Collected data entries
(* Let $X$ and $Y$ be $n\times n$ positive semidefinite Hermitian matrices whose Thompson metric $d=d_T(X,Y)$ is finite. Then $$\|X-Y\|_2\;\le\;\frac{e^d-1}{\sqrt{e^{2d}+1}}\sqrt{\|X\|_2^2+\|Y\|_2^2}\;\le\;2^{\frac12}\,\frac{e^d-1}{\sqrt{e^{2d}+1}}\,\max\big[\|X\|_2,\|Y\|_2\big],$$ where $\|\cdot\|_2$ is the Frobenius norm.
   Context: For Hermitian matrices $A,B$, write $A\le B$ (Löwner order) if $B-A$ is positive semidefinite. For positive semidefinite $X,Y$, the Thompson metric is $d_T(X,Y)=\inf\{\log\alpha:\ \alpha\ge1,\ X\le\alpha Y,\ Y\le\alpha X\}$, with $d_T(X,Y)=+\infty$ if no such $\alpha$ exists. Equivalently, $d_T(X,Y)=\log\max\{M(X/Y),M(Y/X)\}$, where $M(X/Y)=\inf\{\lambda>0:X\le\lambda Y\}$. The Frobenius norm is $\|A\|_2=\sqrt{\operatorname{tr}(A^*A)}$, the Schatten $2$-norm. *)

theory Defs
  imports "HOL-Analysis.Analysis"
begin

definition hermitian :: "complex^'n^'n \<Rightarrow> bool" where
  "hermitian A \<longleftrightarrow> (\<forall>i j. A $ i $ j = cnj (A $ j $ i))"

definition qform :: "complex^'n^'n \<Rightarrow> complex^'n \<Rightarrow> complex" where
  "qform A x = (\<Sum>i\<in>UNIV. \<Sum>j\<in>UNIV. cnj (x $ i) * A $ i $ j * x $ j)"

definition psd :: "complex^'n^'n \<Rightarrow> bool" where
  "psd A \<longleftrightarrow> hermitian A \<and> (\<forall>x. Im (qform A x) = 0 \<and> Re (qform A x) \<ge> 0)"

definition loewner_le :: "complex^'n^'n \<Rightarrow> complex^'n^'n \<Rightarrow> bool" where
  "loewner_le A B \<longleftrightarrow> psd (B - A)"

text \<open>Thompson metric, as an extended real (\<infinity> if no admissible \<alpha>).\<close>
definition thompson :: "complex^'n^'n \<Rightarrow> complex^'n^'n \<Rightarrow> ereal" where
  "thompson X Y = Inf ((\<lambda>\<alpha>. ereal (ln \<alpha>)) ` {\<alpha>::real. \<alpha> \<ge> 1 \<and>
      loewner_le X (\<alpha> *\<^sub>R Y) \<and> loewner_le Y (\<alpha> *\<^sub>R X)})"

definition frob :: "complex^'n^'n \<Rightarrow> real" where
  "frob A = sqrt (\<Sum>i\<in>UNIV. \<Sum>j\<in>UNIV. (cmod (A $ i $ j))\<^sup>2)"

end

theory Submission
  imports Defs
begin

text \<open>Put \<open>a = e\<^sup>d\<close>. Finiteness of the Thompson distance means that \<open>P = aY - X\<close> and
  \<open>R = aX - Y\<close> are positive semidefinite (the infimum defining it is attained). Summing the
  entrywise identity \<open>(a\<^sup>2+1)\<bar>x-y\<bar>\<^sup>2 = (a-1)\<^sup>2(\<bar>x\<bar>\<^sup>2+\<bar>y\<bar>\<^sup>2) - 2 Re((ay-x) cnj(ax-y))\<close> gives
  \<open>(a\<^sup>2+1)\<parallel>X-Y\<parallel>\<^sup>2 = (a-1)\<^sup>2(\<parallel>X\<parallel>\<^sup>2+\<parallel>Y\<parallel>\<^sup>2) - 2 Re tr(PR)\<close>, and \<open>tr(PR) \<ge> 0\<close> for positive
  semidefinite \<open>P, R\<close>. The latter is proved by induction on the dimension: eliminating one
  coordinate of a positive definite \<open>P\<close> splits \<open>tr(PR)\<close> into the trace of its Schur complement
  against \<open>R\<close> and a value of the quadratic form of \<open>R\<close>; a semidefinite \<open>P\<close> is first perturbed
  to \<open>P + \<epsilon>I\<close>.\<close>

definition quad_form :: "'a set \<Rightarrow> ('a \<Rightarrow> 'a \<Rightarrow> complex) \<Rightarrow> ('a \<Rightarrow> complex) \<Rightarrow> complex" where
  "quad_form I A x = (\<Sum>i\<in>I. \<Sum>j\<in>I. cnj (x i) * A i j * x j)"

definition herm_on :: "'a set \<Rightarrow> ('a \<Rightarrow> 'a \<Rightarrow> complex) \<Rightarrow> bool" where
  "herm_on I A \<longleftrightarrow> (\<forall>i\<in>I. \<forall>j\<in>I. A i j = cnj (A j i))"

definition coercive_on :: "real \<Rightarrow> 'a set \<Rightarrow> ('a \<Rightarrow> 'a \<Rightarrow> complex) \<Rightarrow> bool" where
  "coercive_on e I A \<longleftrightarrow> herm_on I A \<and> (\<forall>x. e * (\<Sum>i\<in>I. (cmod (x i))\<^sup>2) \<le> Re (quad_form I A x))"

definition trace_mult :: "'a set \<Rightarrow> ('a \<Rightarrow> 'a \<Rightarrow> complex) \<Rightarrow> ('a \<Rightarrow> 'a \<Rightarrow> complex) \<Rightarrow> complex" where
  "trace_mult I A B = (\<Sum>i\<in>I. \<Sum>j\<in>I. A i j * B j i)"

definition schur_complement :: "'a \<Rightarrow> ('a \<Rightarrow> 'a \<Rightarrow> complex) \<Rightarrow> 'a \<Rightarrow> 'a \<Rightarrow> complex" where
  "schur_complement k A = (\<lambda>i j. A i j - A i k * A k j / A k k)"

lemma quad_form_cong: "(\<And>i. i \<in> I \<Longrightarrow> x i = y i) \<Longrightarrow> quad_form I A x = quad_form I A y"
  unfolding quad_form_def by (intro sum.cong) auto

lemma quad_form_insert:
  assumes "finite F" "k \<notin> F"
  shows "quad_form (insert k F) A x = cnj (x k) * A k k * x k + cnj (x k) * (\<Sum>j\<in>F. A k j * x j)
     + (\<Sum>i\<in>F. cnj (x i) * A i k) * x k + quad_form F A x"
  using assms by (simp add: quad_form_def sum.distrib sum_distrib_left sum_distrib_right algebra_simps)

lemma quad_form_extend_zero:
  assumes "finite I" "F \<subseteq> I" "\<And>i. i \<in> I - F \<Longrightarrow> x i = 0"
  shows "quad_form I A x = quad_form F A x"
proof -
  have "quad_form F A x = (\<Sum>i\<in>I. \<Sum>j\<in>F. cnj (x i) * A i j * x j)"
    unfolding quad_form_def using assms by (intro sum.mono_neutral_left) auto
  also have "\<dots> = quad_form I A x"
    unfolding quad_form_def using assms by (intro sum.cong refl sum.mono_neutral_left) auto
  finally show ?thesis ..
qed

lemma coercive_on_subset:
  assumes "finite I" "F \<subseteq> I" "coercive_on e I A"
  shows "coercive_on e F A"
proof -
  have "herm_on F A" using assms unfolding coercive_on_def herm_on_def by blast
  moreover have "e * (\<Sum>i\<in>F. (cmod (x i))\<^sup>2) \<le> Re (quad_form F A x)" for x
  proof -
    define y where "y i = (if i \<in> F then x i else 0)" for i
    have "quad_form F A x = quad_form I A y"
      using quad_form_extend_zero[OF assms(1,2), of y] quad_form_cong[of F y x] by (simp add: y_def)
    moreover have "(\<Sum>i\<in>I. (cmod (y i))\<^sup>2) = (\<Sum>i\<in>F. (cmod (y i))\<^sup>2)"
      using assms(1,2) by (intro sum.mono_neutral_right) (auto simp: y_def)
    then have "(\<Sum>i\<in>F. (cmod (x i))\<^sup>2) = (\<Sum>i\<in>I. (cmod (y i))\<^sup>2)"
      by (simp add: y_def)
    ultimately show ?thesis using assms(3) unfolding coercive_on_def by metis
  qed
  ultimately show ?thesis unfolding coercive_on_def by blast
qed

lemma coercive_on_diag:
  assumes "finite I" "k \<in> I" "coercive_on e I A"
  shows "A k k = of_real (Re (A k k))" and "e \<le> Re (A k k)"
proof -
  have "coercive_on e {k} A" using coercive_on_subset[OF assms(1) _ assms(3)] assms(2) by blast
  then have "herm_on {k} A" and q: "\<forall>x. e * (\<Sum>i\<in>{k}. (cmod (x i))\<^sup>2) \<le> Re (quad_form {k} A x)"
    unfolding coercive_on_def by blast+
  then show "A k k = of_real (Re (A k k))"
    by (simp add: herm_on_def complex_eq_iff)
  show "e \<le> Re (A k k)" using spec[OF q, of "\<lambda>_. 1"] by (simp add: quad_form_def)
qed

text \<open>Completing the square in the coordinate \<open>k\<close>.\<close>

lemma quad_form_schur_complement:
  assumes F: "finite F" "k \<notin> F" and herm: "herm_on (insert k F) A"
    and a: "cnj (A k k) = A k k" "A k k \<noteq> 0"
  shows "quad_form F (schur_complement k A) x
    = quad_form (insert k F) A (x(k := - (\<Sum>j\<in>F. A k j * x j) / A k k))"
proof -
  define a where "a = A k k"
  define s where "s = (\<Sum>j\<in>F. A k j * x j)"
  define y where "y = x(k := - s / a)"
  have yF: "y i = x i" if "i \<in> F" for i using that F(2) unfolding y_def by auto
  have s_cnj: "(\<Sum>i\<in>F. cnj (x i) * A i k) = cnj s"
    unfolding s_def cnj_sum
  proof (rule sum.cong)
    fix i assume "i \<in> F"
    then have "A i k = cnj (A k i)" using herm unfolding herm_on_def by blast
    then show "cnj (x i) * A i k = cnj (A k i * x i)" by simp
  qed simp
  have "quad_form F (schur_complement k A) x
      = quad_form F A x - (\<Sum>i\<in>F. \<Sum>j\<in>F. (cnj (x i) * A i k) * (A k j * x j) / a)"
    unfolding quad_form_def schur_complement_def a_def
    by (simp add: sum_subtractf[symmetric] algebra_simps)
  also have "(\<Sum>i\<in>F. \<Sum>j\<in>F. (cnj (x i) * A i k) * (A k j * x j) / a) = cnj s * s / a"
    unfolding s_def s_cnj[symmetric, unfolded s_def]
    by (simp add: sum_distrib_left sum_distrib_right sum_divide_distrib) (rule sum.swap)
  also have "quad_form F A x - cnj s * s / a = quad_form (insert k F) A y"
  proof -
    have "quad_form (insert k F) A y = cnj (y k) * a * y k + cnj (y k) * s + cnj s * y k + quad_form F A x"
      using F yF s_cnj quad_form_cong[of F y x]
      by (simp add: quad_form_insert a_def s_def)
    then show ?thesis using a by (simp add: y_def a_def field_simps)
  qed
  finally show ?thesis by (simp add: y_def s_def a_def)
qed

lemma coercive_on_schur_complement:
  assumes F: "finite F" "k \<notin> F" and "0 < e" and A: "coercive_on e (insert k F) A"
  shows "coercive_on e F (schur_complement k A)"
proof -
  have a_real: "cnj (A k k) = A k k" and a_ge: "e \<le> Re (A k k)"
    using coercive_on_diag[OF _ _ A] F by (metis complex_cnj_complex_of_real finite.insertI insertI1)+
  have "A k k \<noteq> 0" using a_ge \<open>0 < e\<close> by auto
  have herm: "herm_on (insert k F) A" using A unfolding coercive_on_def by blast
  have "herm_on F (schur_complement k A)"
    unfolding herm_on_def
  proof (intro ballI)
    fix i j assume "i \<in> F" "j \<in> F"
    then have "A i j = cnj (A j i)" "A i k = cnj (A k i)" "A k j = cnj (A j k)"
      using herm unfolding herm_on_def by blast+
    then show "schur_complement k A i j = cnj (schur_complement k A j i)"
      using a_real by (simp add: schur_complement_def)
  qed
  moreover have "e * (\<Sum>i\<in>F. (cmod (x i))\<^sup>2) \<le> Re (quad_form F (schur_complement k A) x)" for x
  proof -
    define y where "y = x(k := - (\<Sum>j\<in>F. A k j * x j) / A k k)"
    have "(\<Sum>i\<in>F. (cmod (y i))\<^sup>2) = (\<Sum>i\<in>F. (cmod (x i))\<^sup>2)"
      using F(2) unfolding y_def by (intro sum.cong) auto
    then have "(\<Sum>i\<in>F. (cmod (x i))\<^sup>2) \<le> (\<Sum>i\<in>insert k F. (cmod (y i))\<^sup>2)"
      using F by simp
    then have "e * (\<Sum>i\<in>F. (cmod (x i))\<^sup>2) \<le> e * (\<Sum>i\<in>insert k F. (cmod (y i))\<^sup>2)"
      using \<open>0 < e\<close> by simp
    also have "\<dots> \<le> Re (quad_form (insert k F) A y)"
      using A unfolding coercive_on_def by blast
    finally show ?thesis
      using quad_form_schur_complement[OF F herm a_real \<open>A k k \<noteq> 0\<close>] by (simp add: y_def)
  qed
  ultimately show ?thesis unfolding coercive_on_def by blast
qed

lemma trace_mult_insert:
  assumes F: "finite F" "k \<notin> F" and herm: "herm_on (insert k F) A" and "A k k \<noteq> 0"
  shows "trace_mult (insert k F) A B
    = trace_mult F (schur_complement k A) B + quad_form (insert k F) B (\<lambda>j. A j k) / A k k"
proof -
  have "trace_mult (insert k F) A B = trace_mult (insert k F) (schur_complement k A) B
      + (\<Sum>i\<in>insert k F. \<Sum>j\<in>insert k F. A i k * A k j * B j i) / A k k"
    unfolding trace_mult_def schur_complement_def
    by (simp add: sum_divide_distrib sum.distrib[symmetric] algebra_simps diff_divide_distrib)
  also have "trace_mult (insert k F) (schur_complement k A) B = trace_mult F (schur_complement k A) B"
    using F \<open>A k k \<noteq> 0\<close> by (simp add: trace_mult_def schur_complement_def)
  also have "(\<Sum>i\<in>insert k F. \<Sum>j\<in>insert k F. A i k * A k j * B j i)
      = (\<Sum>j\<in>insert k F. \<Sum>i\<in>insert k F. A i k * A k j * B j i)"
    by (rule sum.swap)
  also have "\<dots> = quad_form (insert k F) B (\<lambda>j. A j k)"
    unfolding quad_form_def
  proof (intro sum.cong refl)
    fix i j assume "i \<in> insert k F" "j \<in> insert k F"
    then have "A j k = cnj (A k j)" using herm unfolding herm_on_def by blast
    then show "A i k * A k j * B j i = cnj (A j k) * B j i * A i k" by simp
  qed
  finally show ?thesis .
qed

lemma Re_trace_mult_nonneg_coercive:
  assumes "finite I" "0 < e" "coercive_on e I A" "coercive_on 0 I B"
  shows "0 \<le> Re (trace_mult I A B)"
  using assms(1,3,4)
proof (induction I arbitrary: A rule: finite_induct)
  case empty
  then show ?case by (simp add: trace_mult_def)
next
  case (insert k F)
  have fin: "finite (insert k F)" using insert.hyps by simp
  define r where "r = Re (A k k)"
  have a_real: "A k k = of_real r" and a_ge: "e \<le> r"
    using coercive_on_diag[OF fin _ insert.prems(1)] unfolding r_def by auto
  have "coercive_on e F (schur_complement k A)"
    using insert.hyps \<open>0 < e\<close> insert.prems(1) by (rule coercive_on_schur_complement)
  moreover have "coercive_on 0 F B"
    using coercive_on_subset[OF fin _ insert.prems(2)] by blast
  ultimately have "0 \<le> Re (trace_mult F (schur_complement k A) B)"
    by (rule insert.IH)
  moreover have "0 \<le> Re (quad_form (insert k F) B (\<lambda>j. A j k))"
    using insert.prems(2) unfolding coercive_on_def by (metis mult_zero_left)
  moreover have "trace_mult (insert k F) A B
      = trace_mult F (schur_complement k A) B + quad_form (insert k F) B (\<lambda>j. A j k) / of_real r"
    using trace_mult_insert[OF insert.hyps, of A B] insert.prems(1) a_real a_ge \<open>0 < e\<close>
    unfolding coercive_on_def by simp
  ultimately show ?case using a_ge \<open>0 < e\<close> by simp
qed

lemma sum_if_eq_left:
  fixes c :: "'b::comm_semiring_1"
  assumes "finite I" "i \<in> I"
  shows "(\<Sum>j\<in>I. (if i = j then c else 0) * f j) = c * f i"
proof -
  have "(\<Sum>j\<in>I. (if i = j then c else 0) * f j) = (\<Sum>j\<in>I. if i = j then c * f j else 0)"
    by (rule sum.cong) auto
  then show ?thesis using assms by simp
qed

● Instructions to follow
If a line in the records above has the word "shows", copy it out.

● Solution to this exercise
  shows "quad_form (insert k F) A x = cnj (x k) * A k k * x k + cnj (x k) * (\<Sum>j\<in>F. A k j * x j)
  shows "quad_form I A x = quad_form F A x"
  shows "coercive_on e F A"
  shows "A k k = of_real (Re (A k k))" and "e \<le> Re (A k k)"
  shows "quad_form F (schur_complement k A) x
  shows "coercive_on e F (schur_complement k A)"
  shows "trace_mult (insert k F) A B
  shows "0 \<le> Re (trace_mult I A B)"
  shows "(\<Sum>j\<in>I. (if i = j then c else 0) * f j) = c * f i"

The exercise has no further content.